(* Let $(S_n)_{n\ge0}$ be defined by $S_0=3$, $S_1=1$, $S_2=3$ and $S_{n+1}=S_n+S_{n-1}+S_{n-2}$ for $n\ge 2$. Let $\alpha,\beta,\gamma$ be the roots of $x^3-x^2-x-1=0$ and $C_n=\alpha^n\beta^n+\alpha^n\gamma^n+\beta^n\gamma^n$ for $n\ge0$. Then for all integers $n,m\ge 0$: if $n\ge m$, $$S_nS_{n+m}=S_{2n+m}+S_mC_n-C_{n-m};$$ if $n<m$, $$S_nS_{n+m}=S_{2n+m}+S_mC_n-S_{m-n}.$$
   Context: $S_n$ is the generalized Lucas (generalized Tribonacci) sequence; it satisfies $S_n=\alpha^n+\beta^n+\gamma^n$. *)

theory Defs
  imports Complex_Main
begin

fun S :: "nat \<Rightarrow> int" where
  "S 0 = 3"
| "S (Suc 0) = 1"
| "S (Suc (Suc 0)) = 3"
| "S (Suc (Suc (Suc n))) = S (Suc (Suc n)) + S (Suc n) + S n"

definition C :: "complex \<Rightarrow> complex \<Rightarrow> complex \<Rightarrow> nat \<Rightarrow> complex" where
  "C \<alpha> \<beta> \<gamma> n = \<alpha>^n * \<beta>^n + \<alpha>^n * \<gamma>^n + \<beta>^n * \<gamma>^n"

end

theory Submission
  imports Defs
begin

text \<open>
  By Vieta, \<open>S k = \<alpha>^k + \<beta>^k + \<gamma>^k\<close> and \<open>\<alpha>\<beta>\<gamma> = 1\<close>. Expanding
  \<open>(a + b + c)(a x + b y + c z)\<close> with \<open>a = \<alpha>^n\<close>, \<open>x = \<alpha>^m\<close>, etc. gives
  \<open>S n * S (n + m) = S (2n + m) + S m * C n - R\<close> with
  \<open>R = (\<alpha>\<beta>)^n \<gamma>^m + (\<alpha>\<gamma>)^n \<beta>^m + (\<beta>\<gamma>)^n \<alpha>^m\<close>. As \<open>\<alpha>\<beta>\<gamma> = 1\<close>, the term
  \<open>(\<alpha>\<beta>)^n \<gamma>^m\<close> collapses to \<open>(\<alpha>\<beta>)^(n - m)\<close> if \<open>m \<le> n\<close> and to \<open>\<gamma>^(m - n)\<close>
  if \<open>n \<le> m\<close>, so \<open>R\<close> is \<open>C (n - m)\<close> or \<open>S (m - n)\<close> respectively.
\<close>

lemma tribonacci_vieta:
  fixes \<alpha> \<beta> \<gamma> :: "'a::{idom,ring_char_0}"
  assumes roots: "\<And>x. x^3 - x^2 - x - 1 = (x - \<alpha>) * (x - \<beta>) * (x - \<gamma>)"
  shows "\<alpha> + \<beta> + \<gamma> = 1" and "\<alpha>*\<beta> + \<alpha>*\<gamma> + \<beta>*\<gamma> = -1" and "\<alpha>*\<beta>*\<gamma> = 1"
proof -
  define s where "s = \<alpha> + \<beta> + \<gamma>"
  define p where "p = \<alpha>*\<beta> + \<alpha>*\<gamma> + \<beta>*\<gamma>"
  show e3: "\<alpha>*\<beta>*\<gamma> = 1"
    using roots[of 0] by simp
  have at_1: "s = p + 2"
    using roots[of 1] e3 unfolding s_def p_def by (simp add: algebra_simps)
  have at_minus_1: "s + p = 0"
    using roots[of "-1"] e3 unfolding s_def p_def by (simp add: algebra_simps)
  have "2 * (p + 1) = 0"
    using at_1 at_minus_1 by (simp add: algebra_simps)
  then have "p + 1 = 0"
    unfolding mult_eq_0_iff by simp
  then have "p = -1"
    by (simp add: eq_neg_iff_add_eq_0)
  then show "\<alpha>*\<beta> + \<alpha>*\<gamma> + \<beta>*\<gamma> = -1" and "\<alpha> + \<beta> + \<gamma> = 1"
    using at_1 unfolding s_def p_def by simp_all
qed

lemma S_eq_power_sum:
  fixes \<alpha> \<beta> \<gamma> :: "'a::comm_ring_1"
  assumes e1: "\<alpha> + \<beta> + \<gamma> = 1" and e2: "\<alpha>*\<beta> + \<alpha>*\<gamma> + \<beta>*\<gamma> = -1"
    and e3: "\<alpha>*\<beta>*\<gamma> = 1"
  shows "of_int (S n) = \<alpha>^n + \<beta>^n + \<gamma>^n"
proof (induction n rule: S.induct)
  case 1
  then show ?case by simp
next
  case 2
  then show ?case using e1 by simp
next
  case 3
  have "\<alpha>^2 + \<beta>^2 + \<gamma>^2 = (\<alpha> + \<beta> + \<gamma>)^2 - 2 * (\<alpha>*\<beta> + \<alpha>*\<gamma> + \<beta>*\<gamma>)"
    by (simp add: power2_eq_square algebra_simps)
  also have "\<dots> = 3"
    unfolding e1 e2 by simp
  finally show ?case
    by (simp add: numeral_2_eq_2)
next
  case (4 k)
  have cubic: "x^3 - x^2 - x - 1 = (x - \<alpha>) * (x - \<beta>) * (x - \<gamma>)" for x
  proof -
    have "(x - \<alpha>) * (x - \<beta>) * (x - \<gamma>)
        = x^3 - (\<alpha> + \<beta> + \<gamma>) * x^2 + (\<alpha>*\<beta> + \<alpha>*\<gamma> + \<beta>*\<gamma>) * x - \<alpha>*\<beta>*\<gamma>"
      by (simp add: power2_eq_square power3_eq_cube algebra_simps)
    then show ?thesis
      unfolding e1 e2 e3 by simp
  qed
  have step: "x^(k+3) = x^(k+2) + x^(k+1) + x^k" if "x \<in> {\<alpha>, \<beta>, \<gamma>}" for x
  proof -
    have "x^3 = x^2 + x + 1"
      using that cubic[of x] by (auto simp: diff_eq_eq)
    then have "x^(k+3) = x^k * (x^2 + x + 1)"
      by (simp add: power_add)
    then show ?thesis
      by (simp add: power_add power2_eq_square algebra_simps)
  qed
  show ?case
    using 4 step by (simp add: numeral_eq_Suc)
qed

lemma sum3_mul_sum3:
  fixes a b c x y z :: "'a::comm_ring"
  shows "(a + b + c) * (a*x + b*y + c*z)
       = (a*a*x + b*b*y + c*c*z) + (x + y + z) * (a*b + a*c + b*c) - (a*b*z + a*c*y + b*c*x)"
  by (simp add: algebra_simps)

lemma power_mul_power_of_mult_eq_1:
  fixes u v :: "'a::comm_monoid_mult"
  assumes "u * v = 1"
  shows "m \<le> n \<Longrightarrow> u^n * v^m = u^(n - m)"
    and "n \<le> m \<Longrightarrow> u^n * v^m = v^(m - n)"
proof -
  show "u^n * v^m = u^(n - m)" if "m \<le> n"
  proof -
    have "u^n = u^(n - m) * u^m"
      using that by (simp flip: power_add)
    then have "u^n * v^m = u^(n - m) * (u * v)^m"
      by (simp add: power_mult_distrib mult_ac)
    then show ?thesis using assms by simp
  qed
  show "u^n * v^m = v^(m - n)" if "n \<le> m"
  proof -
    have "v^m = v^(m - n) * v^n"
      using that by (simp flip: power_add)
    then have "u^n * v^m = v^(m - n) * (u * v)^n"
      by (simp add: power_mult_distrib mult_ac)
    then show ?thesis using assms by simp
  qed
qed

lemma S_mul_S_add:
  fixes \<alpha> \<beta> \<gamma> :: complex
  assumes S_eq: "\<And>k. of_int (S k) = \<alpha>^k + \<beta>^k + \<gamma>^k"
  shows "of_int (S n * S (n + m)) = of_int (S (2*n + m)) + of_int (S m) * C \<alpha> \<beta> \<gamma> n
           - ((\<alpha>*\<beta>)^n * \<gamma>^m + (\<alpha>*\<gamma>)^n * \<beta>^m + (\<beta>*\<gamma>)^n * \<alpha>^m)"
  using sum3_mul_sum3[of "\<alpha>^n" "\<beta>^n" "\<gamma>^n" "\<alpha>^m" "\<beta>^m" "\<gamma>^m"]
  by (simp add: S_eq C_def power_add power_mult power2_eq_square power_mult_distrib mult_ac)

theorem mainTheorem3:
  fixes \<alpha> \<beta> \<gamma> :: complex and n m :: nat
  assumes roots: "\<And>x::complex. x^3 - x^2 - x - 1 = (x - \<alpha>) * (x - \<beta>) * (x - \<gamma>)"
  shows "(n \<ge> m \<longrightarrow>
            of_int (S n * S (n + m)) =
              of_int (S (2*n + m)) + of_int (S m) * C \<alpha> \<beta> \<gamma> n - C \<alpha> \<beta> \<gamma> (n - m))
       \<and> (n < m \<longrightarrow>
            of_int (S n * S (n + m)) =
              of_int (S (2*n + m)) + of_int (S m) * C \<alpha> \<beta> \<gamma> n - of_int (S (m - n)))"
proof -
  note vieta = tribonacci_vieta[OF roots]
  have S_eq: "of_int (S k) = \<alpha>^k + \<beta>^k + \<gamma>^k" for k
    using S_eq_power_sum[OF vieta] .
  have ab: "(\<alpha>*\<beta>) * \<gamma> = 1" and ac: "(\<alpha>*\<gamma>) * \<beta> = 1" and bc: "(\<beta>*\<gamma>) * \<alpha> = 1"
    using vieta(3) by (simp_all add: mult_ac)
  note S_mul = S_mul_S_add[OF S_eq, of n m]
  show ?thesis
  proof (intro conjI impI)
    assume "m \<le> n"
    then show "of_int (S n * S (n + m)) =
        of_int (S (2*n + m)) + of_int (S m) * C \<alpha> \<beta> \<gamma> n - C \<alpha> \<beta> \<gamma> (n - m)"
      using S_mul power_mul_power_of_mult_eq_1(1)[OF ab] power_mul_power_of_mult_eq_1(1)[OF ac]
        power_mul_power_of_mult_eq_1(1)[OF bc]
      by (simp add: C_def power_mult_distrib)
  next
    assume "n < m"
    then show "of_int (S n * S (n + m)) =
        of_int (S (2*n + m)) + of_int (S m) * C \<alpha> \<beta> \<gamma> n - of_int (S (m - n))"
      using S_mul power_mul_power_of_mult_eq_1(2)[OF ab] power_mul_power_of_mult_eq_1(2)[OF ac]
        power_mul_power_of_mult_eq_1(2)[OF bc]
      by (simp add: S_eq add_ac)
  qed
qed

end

....................

Each line of the data that contains "cubic" belongs in the answer.

  have cubic: "x^3 - x^2 - x - 1 = (x - \<alpha>) * (x - \<beta>) * (x - \<gamma>)" for x
      using that cubic[of x] by (auto simp: diff_eq_eq)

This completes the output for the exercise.